- Born: John Michael McCarthy 1952 (age 73–74)

Academic background
- Education: Loyola Marymount University (BS); Stanford University (MS, PhD);

Academic work
- Institutions: University of California, Irvine
- Main interests: Kinematics; Robotics; Computer-aided design; Mechanical linkages;

= J. Michael McCarthy =

American mechanical engineer

John Michael McCarthy (born c. 1952) is an American mechanical engineer known for his work in robotics, kinematics, and linkages. He is a Distinguished Professor of Mechanical and Aerospace Engineering at the University of California, Irvine (UCI), where he has taught since 1986.

==Biography==
McCarthy attended Loyola Marymount University in Los Angeles, earning a bachelor's degree in mechanical engineering in 1974. He later attended Stanford University, where he earned a master's degree in 1975 and a doctorate in mechanical engineering in 1979.
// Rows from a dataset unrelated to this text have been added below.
(* The total cost incurred by the augmenting-path algorithm for online generalized network flow over all times $t=1,\dots,T$ is at most $\sum_{t=1}^{T}\mathrm{height}_T(s_t)$.
   Context: Generalized network flow instance: digraph $G=(V,E)$ without anti-parallel edges, sources with no incoming edges, sink $\tau$ with no outgoing edges, edge capacities $\mu_e>0$, costs $c_e>0$, gains $\gamma_e>0$; convention: every vertex $v\ne\tau$ has a dummy edge $v\tau$ of infinite capacity, gain $1$ and sufficiently large cost $B$. Online generalized network flow: sources $s_1,\dots,s_T$ (each with supply $1$) arrive one at a time with their outgoing edges; the algorithm maintains valid flows $x^{(t)}$ (nonnegative, within capacities, with $\sum_{e\in\delta^+(v)}x_e-\sum_{e\in\delta^-(v)}\gamma_ex_e$ equal to $1$ at arrived sources and $0$ at other vertices $\ne\tau$) and incurs cost $\sum_ec_e(x^{(t)}_e-x^{(t-1)}_e)_+$ at time $t$. Residual graph $G^x$: forward edge $uv$ (capacity $\mu_{uv}-x_{uv}$, cost $c_{uv}$, gain $\gamma_{uv}$) if $x_{uv}<\mu_{uv}$; backward edge $vu$ (capacity $\gamma_{uv}x_{uv}$, cost $0$, gain $1/\gamma_{uv}$) if $x_{uv}>0$. A fractional augmenting path from $s\ne\tau$ in $G^x$ is $f\ge0$ on residual edges with out-minus-gain-weighted-in flow $1$ at $s$ and $0$ at vertices other than $s,\tau$; cost $\sum_ec^x_ef_e$. It is an augmenting path if its support is a path from $s$ to $\tau$, or a cycle through $s$ avoiding $\tau$, or a cycle avoiding $s,\tau$ plus a path from $s$ to it internally disjoint from it. Augmenting $x$ by $\theta$ using $f$: $x_{uv}\gets x_{uv}+\theta f_{uv}$ on forward residual edges, $x_{uv}\gets x_{uv}-\theta f_{vu}/\gamma_{uv}$ on backward residual edges $vu$. The augmenting-path algorithm: $x^{(0)}=0$; at time $t$, add $s_t$, start from $x^{(t-1)}$ (zero on new edges), and while the outflow of $s_t$ is less than $1$, augment by the largest feasible $\theta$ (keeping $0\le x_e\le\mu_e$ and outflow of $s_t$ at most $1$) along a cheapest augmenting path from $s_t$ in the current residual graph; the result is $x^{(t)}$. $\mathrm{height}_t(v)$ for $v\ne\tau$ is the minimum cost of an augmenting path from $v$ in $G^{x^{(t)}}$. *)

theory Defs
  imports Main "HOL-Library.Extended_Real"
begin

text \<open>Edges are abstract objects of type 'e with a source ("src") and target ("dst")
vertex. Capacities are extended reals (dummy edges have capacity infinity).\<close>

record ('v, 'e) gnet =
  verts :: "'v set"
  edges :: "'e set"
  src   :: "'e \<Rightarrow> 'v"
  dst   :: "'e \<Rightarrow> 'v"
  sink  :: "'v"
  cap   :: "'e \<Rightarrow> ereal"
  cost  :: "'e \<Rightarrow> real"
  gain  :: "'e \<Rightarrow> real"

definition gnet_instance :: "('v, 'e) gnet \<Rightarrow> real \<Rightarrow> (nat \<Rightarrow> 'v) \<Rightarrow> nat \<Rightarrow> bool" where
  "gnet_instance N B s T \<longleftrightarrow>
     finite (verts N) \<and> finite (edges N) \<and> sink N \<in> verts N \<and>
     (\<forall>e\<in>edges N. src N e \<in> verts N \<and> dst N e \<in> verts N) \<and>
     \<comment> \<open>no anti-parallel edges (this also excludes loops)\<close>
     (\<forall>e\<in>edges N. \<forall>e'\<in>edges N. \<not> (src N e = dst N e' \<and> dst N e = src N e')) \<and>
     \<comment> \<open>sink has no outgoing edges\<close>
     (\<forall>e\<in>edges N. src N e \<noteq> sink N) \<and>
     (\<forall>e\<in>edges N. cap N e > 0 \<and> cost N e > 0 \<and> gain N e > 0) \<and>
     \<comment> \<open>sources s_1..s_T: distinct vertices other than the sink, with no incoming edges\<close>
     inj_on s {1..T} \<and>
     (\<forall>t\<in>{1..T}. s t \<in> verts N \<and> s t \<noteq> sink N \<and> (\<forall>e\<in>edges N. dst N e \<noteq> s t)) \<and>
     \<comment> \<open>dummy edges: every vertex other than the sink has an edge to the sink of
        infinite capacity, gain 1 and cost B\<close>
     B > 0 \<and>
     (\<forall>v\<in>verts N - {sink N}. \<exists>e\<in>edges N. src N e = v \<and> dst N e = sink N \<and>
         cap N e = \<infinity> \<and> gain N e = 1 \<and> cost N e = B)"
He joined the faculty of the UC Irvine Samueli School of Engineering in 1986. He was appointed Henry Samueli Chair and director of the Center for Engineering Science in Design from 2006 to 2014. He was also director of the UCI Performance Engineering Program from 2010 to 2020.

McCarthy's research has focused on robotic systems, mechanical linkages, and geometric modeling. His research team maintains the Synthetica, Sphinx, and MecGen software packages used in the computer-aided design of spherical and spatial linkage systems.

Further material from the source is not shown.